The main objective of this work is to develop and validate LIFE.PTML-based chemoinformatic models capable of predicting assay efficacy with high accuracy. These models are trained using both linear and non-linear ML algorithms, including Random Forest, SVM, Decision Tree, K-Nearest Neighbors, Gradient Boosting, and XGBoost. By combining multi-source data, perturbation quantification, and advanced non-linear modeling, the LIFE.PTML approach aims to improve predictive accuracy, generalizability, and interpretability of chemoinformatic models in complex biological systems.

2. Materials and Methods

LIFE.PTML analysis involved four phases: the IF process, E part, PT variability quantification, and AI/ML algorithm training, validation, and use. In the initial IF phase, data gathering, data curation and data pre-processing tasks were carried out. In fact, system conceptualization is conceptual decomposition of the system into different sub-systems that are easy to study. In this case, the system was theoretically divided into two subsystems: drug information related to assays and protein data related to assays. Taking this into account, databases were examined and processed. Continuing the LIFE.PTML process, in the PT phase, the reference function and perturbation theory operators (PTO) or moving averages (MA) were calculated, which are used to quantify all the perturbations/variability on the input variables for all subsystems of the query system with respect to conditions or labels for the systems of reference. Lastly, the ML-Phase involved the training and validation of different ML models [6,7,8,13,14]. The general procedure followed in this part can be seen schematically in Figure 1.

2.1. Information Fusion

In the first stage, the Information Fusion (IF) phase, the dataset was constructed using the ChEMBL (ChEMBL_35)database by retrieving assays involving proteins associated with calmodulin (CaM) within the Ca²⁺ signaling pathway, as defined in KEGG [15,16,17]. This procedure provided approximately 4000 assays, including responses of CaM- and riluzole-related compounds, where the activity values varied according to the compound tested and the experimental conditions. To complement this information, protein data were collected from NCBI resources [18,19], using GenBank (268.0) and Protein BLAST to obtain the FASTA sequences and the three biologically active domains of each protein. Once gathered, descriptors were calculated and classified into drug-related and protein-related categories. Drug descriptors included molecular weight, Lipinski’s Rule of Five, LogP [20,21,22], interatomic electronegativity, van der Waals surface area, and assay-specific variables such as inhibitor and substrate concentrations [23]. Protein descriptors were obtained through the MARCH-INSIDE 2.0^® program, which encodes physicochemical properties such as electronegativity, polarity, and acidity along the amino acid sequence, propagating them through the residue network of each domain to generate quantitative values used as model inputs.

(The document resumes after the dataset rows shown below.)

(* edge set of A_p (its node set is Vp V E p) *)
definition Ap_edges :: "'v set \<Rightarrow> ('v \<times> 'v) set \<Rightarrow> 'v \<Rightarrow> ('v \<times> 'v) set" where
  "Ap_edges V E p = {(x, y). x \<in> Vp V E p \<and> y \<in> Vp V E p \<and>
     (\<exists>xs. interval V E (Vp V E p) x y xs)}"

definition a_before_b :: "'v set \<Rightarrow> ('v \<times> 'v) set \<Rightarrow> 'v \<Rightarrow> 'v \<Rightarrow> 'v \<Rightarrow> bool" where
  "a_before_b V E n a b \<longleftrightarrow>
     (\<forall>xs. max_fpath V E n xs \<longrightarrow>
        (\<exists>i < length xs. xs ! i = a \<and> (\<forall>j\<le>i. xs ! j \<noteq> b))) \<and>
     (\<forall>f. max_ipath V E n f \<longrightarrow>
        (\<exists>i. f i = a \<and> (\<forall>j\<le>i. f j \<noteq> b)))"

definition DOD :: "'v set \<Rightarrow> ('v \<times> 'v) set \<Rightarrow> 'v \<Rightarrow> 'v \<Rightarrow> 'v \<Rightarrow> bool" where
  "DOD V E p a b \<longleftrightarrow> p \<noteq> a \<and> p \<noteq> b \<and> a \<noteq> b \<and> predicate_node V E p \<and>
     on_all_max_paths V E p a \<and> on_all_max_paths V E p b \<and>
     (\<exists>s1 s2. s1 \<noteq> s2 \<and> succs E p = {s1, s2} \<and>
        a_before_b V E s1 a b \<and> a_before_b V E s2 b a)"

end

(* For a successor s of p, follow a path from s to a node a that lies on every maximal path
   from p (hence from s, if a \<noteq> p). Its first node y in V_p is an A_p-successor of p, and the
   segment from s to y avoids V_p. Prepending that segment turns maximal paths from y into maximal
   paths from s, so an order of a and b enforced from s is also enforced from y. If p has only one
   A_p-successor, both successors s1, s2 of a DOD pair lead to the same y, from which a must
   precede b and b precede a on the same maximal path. *)

theory Submission
  imports Defs "HOL-Library.Omega_Words_Fun"
begin

lemma fpath_Cons:
  "fpath V E (x # xs) \<longleftrightarrow> x \<in> V \<and> (xs = [] \<or> (x, hd xs) \<in> E \<and> fpath V E xs)"
  unfolding fpath_def by (cases xs) (auto simp: nth_Cons split: nat.splits)

lemma fpath_append_Cons:
  assumes "fpath V E (ys @ [y])" and "fpath V E (y # zs)"
  shows "fpath V E (ys @ y # zs)"
  using assms by (induction ys) (auto simp: fpath_Cons hd_append)

lemma fpath_prefix:
  assumes "fpath V E (xs @ ys)" and "xs \<noteq> []"
  shows "fpath V E xs"
proof -
  have "(xs ! i, xs ! Suc i) \<in> E" if "Suc i < length xs" for i
    using assms(1) that unfolding fpath_def by (auto simp: nth_append dest!: spec[of _ i])
  then show ?thesis using assms unfolding fpath_def by auto
qed

lemma fpath_map_upt:
  assumes "ipath V E f"
  shows "fpath V E (map f [0..<Suc i])"
  using assms unfolding fpath_def ipath_def by (auto simp del: upt_Suc)

lemma ipath_build:
  "ipath V E (x ## f) \<longleftrightarrow> x \<in> V \<and> (x, f 0) \<in> E \<and> ipath V E f"
  unfolding ipath_def by (metis build.simps not0_implies_Suc)

lemma conc_0: "(ys \<frown> f) 0 = hd (ys @ [f 0])"
  by (cases ys) auto

lemma ipath_conc:
  assumes "fpath V E (ys @ [f 0])" and "ipath V E f"
  shows "ipath V E (ys \<frown> f)"
  using assms by (induction ys) (auto simp: fpath_Cons ipath_build conc_0 hd_append)

lemma max_fpath_prepend:
  assumes "fpath V E (ys @ [y])" and "max_fpath V E y zs"
  shows "max_fpath V E (hd (ys @ [y])) (ys @ zs)"
proof -
  obtain zs' where "zs = y # zs'"
    using assms(2) unfolding max_fpath_def fpath_def by (cases zs) auto
  then show ?thesis
    using assms fpath_append_Cons unfolding max_fpath_def by (fastforce simp: hd_append)
qed

lemma max_ipath_prepend:
  assumes "fpath V E (ys @ [y])" and "max_ipath V E y f"
  shows "max_ipath V E (hd (ys @ [y])) (ys \<frown> f)"
  using assms ipath_conc[of V E ys f] unfolding max_ipath_def by (auto simp: conc_0)

lemma max_path_exists:
  assumes EV: "E \<subseteq> V \<times> V" and nV: "n \<in> V"
  shows "(\<exists>xs. max_fpath V E n xs) \<or> (\<exists>f. max_ipath V E n f)"
proof (cases "\<exists>xs. max_fpath V E n xs")
  case no_fpath: False
  define R where "R = {m \<in> V. \<nexists>xs. max_fpath V E m xs}"
  have step: "\<exists>m'. m' \<in> R \<and> (m, m') \<in> E" if "m \<in> R" for m
  proof -
    have "m \<in> V" and "\<not> max_fpath V E m [m]" using that unfolding R_def by blast+
    then obtain m' where mm': "(m, m') \<in> E"
      unfolding max_fpath_def succs_def by (auto simp: fpath_def)
    have "\<not> max_fpath V E m' xs" for xs
      using that max_fpath_prepend[of V E "[m]" m' xs] mm' EV
      unfolding R_def by (auto simp: fpath_Cons)
    then show ?thesis using mm' EV unfolding R_def by blast
  qed
  obtain f where f: "\<forall>k. (f k \<in> R \<and> (k = 0 \<longrightarrow> f k = n)) \<and> (f k, f (Suc k)) \<in> E"
    using dependent_nat_choice[of "\<lambda>k m. m \<in> R \<and> (k = 0 \<longrightarrow> m = n)" "\<lambda>_ m m'. (m, m') \<in> E"]
      step nV no_fpath unfolding R_def by blast
  then have "max_ipath V E n f"
    unfolding max_ipath_def ipath_def R_def by blast
  then show ?thesis by blast
qed simp

lemma Vp_self:
  assumes "p \<in> V"
  shows "p \<in> Vp V E p"
  using assms unfolding Vp_def on_all_max_paths_def max_fpath_def max_ipath_def
  by (auto simp: fpath_def)

lemma on_all_max_paths_imp_Vp:
  assumes "E \<subseteq> V \<times> V" and "p \<in> V" and "on_all_max_paths V E p a"
  shows "a \<in> Vp V E p"
  using max_path_exists[OF assms(1,2)] assms(3)
  unfolding Vp_def on_all_max_paths_def max_fpath_def max_ipath_def fpath_def ipath_def
  by blast

lemma on_all_max_paths_succ:
  assumes "on_all_max_paths V E p a" and "a \<noteq> p" and "p \<in> V" and "(p, s) \<in> E"
  shows "on_all_max_paths V E s a"
  unfolding on_all_max_paths_def
proof (intro conjI allI impI)
  fix xs assume xs: "max_fpath V E s xs"
  then have "s \<in> V" unfolding max_fpath_def fpath_def by (auto dest: hd_in_set)
  then have "max_fpath V E p (p # xs)"
    using max_fpath_prepend[of V E "[p]" s xs] xs assms(3,4) by (simp add: fpath_Cons)
  then show "a \<in> set xs" using assms(1,2) unfolding on_all_max_paths_def by auto
next
  fix f assume "max_ipath V E s f"
  then have "max_ipath V E p (p ## f)"
    using assms(3,4) unfolding max_ipath_def by (simp add: ipath_build)
  then have "a \<in> range (p ## f)" using assms(1) unfolding on_all_max_paths_def by blast
  then show "a \<in> range f" using assms(2) by simp
qed

lemma on_all_max_paths_reachable:
  assumes "E \<subseteq> V \<times> V" and "s \<in> V" and "on_all_max_paths V E s a"
  shows "\<exists>xs. fpath V E xs \<and> hd xs = s \<and> last xs = a"
  using max_path_exists[OF assms(1,2)]
proof
  assume "\<exists>xs. max_fpath V E s xs"
  then obtain xs where xs: "max_fpath V E s xs" by blast
  then obtain ys zs where "xs = ys @ a # zs"
    using assms(3) unfolding on_all_max_paths_def by (meson split_list)
  then show ?thesis
    using xs fpath_prefix[of V E "ys @ [a]" zs] unfolding max_fpath_def
    by (intro exI[of _ "ys @ [a]"]) (auto simp: hd_append)
next
  assume "\<exists>f. max_ipath V E s f"
  then obtain f where f: "max_ipath V E s f" by blast
  then obtain i where "f i = a"
    using assms(3) unfolding on_all_max_paths_def by blast
  then show ?thesis
    using f fpath_map_upt unfolding max_ipath_def
    by (intro exI[of _ "map f [0..<Suc i]"]) (auto simp del: upt_Suc simp: hd_map last_map)
qed

lemma interval_Cons_snoc:
  "interval V E W x y (x # ys @ [y]) \<longleftrightarrow>
     fpath V E (x # ys @ [y]) \<and> x \<in> W \<and> y \<in> W \<and> set ys \<inter> W = {}"
proof -
  have "(\<forall>i. 0 < i \<and> i < length (x # ys @ [y]) - 1 \<longrightarrow> (x # ys @ [y]) ! i \<notin> W)
        \<longleftrightarrow> set ys \<inter> W = {}" (is "?interior \<longleftrightarrow> _")
  proof
    assume ?interior
    then have "ys ! j \<notin> W" if "j < length ys" for j
      using that spec[OF \<open>?interior\<close>, of "Suc j"] by (simp add: nth_append)
    then show "set ys \<inter> W = {}" by (auto simp: in_set_conv_nth)
  next
    assume "set ys \<inter> W = {}"
    then show ?interior by (auto simp: nth_append nth_Cons split: nat.splits dest: nth_mem)
  qed
  then show ?thesis unfolding interval_def by auto
qed

lemma Ap_edge_through_succ:
  assumes EV: "E \<subseteq> V \<times> V" and pV: "p \<in> V" and ps: "(p, s) \<in> E"
    and a: "on_all_max_paths V E p a" "a \<noteq> p"
  shows "\<exists>y ys. (p, y) \<in> Ap_edges V E p \<and> fpath V E (ys @ [y]) \<and> hd (ys @ [y]) = s
           \<and> set ys \<inter> Vp V E p = {}"
proof -
  have sV: "s \<in> V" using ps EV by blast
  obtain xs where xs: "fpath V E xs" "hd xs = s" "last xs = a"
    using on_all_max_paths_reachable[OF EV sV on_all_max_paths_succ[OF a pV ps]] by blast
  have "a \<in> Vp V E p" by (rule on_all_max_paths_imp_Vp[OF EV pV a(1)])
  then have reaches_Vp: "\<exists>x \<in> set xs. x \<in> Vp V E p"
    using xs(1,3) last_in_set unfolding fpath_def by metis
  obtain ys y zs where split: "xs = ys @ y # zs" "y \<in> Vp V E p" "\<forall>x \<in> set ys. x \<notin> Vp V E p"
    using split_list_first_prop[OF reaches_Vp] by blast
  have path: "fpath V E (ys @ [y])"
    using fpath_prefix[of V E "ys @ [y]" zs] xs(1) split(1) by simp
  have hd: "hd (ys @ [y]) = s"
    using xs(2) split(1) by (cases ys) auto
  have "fpath V E (p # ys @ [y])"
    using path hd pV ps by (simp add: fpath_Cons)
  then have "interval V E (Vp V E p) p y (p # ys @ [y])"
    unfolding interval_Cons_snoc using split(2,3) Vp_self[OF pV] by blast
  then have "(p, y) \<in> Ap_edges V E p"
    unfolding Ap_edges_def using Vp_self[OF pV] split(2) by auto
  then show ?thesis using path hd split(3) by blast
qed

lemma first_occurrence_shift:
  fixes g h :: "nat \<Rightarrow> 'a"
  assumes shift: "\<And>j. g (n + j) = h j" and a_not_before: "\<forall>j < n. g j \<noteq> a"
    and "g i = a" and "\<forall>j \<le> i. g j \<noteq> b"
  shows "n \<le> i \<and> h (i - n) = a \<and> (\<forall>j \<le> i - n. h j \<noteq> b)"
proof -
  have "n \<le> i" using assms(3) a_not_before by (metis leI)
  then show ?thesis using assms(3,4) shift[symmetric] by (metis add.commute le_add_diff_inverse2 add_le_mono1)
qed

lemma a_before_b_along_path:
  assumes path: "fpath V E (ys @ [y])" and a: "a \<notin> set ys"
    and order: "a_before_b V E (hd (ys @ [y])) a b"
  shows "a_before_b V E y a b"
  unfolding a_before_b_def
proof (intro conjI allI impI)
  fix zs assume "max_fpath V E y zs"
  then obtain i where i: "i < length (ys @ zs)" "(ys @ zs) ! i = a" "\<forall>j \<le> i. (ys @ zs) ! j \<noteq> b"
    using order max_fpath_prepend[OF path] unfolding a_before_b_def by blast
  have "\<forall>j < length ys. (ys @ zs) ! j \<noteq> a" using a by (auto simp: nth_append)
  then have "length ys \<le> i \<and> zs ! (i - length ys) = a \<and> (\<forall>j \<le> i - length ys. zs ! j \<noteq> b)"
    using first_occurrence_shift[of "(!) (ys @ zs)" "length ys" "(!) zs"] i(2,3) by simp
  then show "\<exists>i < length zs. zs ! i = a \<and> (\<forall>j \<le> i. zs ! j \<noteq> b)"
    using i(1) by (intro exI[of _ "i - length ys"]) auto
next
  fix f assume "max_ipath V E y f"
  then obtain i where i: "(ys \<frown> f) i = a" "\<forall>j \<le> i. (ys \<frown> f) j \<noteq> b"
    using order max_ipath_prepend[OF path] unfolding a_before_b_def by blast
  have "\<forall>j < length ys. (ys \<frown> f) j \<noteq> a" using a by auto
  moreover have "(ys \<frown> f) (length ys + j) = f j" for j by simp
  ultimately show "\<exists>i. f i = a \<and> (\<forall>j \<le> i. f j \<noteq> b)"
    using first_occurrence_shift[of "ys \<frown> f" "length ys" f] i by blast
qed

lemma a_before_b_asym:
  assumes "E \<subseteq> V \<times> V" and "y \<in> V" and "a_before_b V E y a b"
  shows "\<not> a_before_b V E y b a"
proof
  assume ba: "a_before_b V E y b a"
  have no_conflict: False if "g i = a" "\<forall>k \<le> i. g k \<noteq> b" "g j = b" "\<forall>k \<le> j. g k \<noteq> a"
    for g :: "nat \<Rightarrow> 'a" and i j
    using that by (cases "i \<le> j") auto
  from max_path_exists[OF assms(1,2)] show False
  proof
    assume "\<exists>zs. max_fpath V E y zs"
    then obtain zs where "max_fpath V E y zs" by blast
    then show False
      using assms(3) ba no_conflict[of "(!) zs"] unfolding a_before_b_def by metis
  next
    assume "\<exists>f. max_ipath V E y f"
    then obtain f where "max_ipath V E y f" by blast
    then show False
      using assms(3) ba no_conflict[of f] unfolding a_before_b_def by metis
  qed
qed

In the end, the dataset included ChEMBL compounds, biological activity data, and various assay types. Specifically, ChEMBL compounds included approximately 1000 chemical entities, many of which are FDA-approved drugs such as Gefitinib and Tamoxifen, along with investigational compounds. Biological activities were tested across 13 different measures, including parameters like IC₅₀ (nM), K_i (nM), inhibition percentages, and potency (nM). The assays covered various target proteins, with key examples including Calmodulin (CaM), Myosin light chain kinase, and Epidermal growth factor receptor (EGFR). Furthermore, different assay cell types were used, such as HEK293 (human embryonic kidney cells), CHO (Chinese hamster ovary cells), and RAW264.7 (mouse macrophage cell line). The assays also spanned diverse tissues and organisms, including human (Homo sapiens), mouse (Mus musculus), and the pathogen Plasmodium falciparum (causing malaria). The total number of data points and different assays included in the final dataset amounts to 3748.

2.2. Perturbation Theory Operator’s Calculation

In the second stage, the Perturbation Theory (PT) phase, Perturbation Theory Operators (PTOs) were calculated using Box–Jenkins moving average (MA) method [24]. The model considered two types of boundary conditions: those related to the assays themselves, such as target or assay type (c_assay = (c₁, c₂, c₃, c₄, c₅)), and those related to the dataset, including factors like organism or buffer (c_dat = (c₆, c₇, c₈, c₉, c₁₀)). For each condition, the mean descriptor values were calculated (MA), and deviations from these averages were expressed as delta values (ΔDk(c_j); Equation (1)). In this way, the perturbation operators quantified the extent to which experimental variability influenced descriptor behavior.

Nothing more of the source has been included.